-- WORK INSTRUCTION --
Send back all the data below, exactly as given.

-- DATA FOR ANALYSIS --
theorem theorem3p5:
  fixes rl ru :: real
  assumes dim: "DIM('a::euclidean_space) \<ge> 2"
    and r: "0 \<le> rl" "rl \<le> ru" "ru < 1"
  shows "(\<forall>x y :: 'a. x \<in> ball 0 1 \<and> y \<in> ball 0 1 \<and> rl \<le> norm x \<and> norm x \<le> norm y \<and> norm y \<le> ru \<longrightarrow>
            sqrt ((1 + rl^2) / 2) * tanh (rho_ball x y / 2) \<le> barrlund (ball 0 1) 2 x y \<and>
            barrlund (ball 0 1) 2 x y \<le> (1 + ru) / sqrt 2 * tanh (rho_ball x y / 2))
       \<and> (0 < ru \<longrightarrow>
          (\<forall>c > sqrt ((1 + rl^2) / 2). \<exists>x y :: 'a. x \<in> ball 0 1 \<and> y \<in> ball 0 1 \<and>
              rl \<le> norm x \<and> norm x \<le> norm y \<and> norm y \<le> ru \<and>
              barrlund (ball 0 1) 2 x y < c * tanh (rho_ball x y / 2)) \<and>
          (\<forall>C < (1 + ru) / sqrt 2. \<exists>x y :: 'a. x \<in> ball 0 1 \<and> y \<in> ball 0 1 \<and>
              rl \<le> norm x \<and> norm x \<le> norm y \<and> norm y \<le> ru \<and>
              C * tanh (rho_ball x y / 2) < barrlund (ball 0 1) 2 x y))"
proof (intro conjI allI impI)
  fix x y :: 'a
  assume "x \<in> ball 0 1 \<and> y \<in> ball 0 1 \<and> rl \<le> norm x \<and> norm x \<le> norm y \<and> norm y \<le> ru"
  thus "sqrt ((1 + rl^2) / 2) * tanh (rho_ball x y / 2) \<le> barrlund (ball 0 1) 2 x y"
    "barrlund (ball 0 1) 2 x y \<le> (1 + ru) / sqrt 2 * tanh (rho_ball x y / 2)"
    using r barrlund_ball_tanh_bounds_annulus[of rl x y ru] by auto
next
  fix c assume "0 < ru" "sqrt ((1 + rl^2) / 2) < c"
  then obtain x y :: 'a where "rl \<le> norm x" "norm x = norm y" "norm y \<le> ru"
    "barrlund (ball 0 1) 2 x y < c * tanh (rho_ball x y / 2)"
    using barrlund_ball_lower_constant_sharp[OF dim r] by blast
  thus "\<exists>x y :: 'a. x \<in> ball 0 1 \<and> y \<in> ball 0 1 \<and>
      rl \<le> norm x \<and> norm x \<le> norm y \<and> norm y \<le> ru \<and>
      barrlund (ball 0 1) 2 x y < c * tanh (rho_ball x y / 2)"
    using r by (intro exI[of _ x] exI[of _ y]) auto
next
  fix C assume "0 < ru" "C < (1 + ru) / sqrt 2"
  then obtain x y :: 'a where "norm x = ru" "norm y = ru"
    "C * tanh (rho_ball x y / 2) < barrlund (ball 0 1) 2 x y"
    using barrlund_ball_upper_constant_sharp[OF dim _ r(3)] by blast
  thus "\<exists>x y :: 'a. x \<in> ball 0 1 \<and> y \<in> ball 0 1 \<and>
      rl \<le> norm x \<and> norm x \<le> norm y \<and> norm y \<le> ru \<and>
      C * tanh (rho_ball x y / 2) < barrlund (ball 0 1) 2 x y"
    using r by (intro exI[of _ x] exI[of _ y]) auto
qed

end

-- TASK SOLUTION --
theorem theorem3p5:
  fixes rl ru :: real
  assumes dim: "DIM('a::euclidean_space) \<ge> 2"
    and r: "0 \<le> rl" "rl \<le> ru" "ru < 1"
  shows "(\<forall>x y :: 'a. x \<in> ball 0 1 \<and> y \<in> ball 0 1 \<and> rl \<le> norm x \<and> norm x \<le> norm y \<and> norm y \<le> ru \<longrightarrow>
            sqrt ((1 + rl^2) / 2) * tanh (rho_ball x y / 2) \<le> barrlund (ball 0 1) 2 x y \<and>
            barrlund (ball 0 1) 2 x y \<le> (1 + ru) / sqrt 2 * tanh (rho_ball x y / 2))
       \<and> (0 < ru \<longrightarrow>
          (\<forall>c > sqrt ((1 + rl^2) / 2). \<exists>x y :: 'a. x \<in> ball 0 1 \<and> y \<in> ball 0 1 \<and>
              rl \<le> norm x \<and> norm x \<le> norm y \<and> norm y \<le> ru \<and>
              barrlund (ball 0 1) 2 x y < c * tanh (rho_ball x y / 2)) \<and>
          (\<forall>C < (1 + ru) / sqrt 2. \<exists>x y :: 'a. x \<in> ball 0 1 \<and> y \<in> ball 0 1 \<and>
              rl \<le> norm x \<and> norm x \<le> norm y \<and> norm y \<le> ru \<and>
              C * tanh (rho_ball x y / 2) < barrlund (ball 0 1) 2 x y))"
proof (intro conjI allI impI)
  fix x y :: 'a
  assume "x \<in> ball 0 1 \<and> y \<in> ball 0 1 \<and> rl \<le> norm x \<and> norm x \<le> norm y \<and> norm y \<le> ru"
  thus "sqrt ((1 + rl^2) / 2) * tanh (rho_ball x y / 2) \<le> barrlund (ball 0 1) 2 x y"
    "barrlund (ball 0 1) 2 x y \<le> (1 + ru) / sqrt 2 * tanh (rho_ball x y / 2)"
    using r barrlund_ball_tanh_bounds_annulus[of rl x y ru] by auto
next
  fix c assume "0 < ru" "sqrt ((1 + rl^2) / 2) < c"
  then obtain x y :: 'a where "rl \<le> norm x" "norm x = norm y" "norm y \<le> ru"
    "barrlund (ball 0 1) 2 x y < c * tanh (rho_ball x y / 2)"
    using barrlund_ball_lower_constant_sharp[OF dim r] by blast
  thus "\<exists>x y :: 'a. x \<in> ball 0 1 \<and> y \<in> ball 0 1 \<and>
      rl \<le> norm x \<and> norm x \<le> norm y \<and> norm y \<le> ru \<and>
      barrlund (ball 0 1) 2 x y < c * tanh (rho_ball x y / 2)"
    using r by (intro exI[of _ x] exI[of _ y]) auto
next
  fix C assume "0 < ru" "C < (1 + ru) / sqrt 2"
  then obtain x y :: 'a where "norm x = ru" "norm y = ru"
    "C * tanh (rho_ball x y / 2) < barrlund (ball 0 1) 2 x y"
    using barrlund_ball_upper_constant_sharp[OF dim _ r(3)] by blast
  thus "\<exists>x y :: 'a. x \<in> ball 0 1 \<and> y \<in> ball 0 1 \<and>
      rl \<le> norm x \<and> norm x \<le> norm y \<and> norm y \<le> ru \<and>
      C * tanh (rho_ball x y / 2) < barrlund (ball 0 1) 2 x y"
    using r by (intro exI[of _ x] exI[of _ y]) auto
qed

end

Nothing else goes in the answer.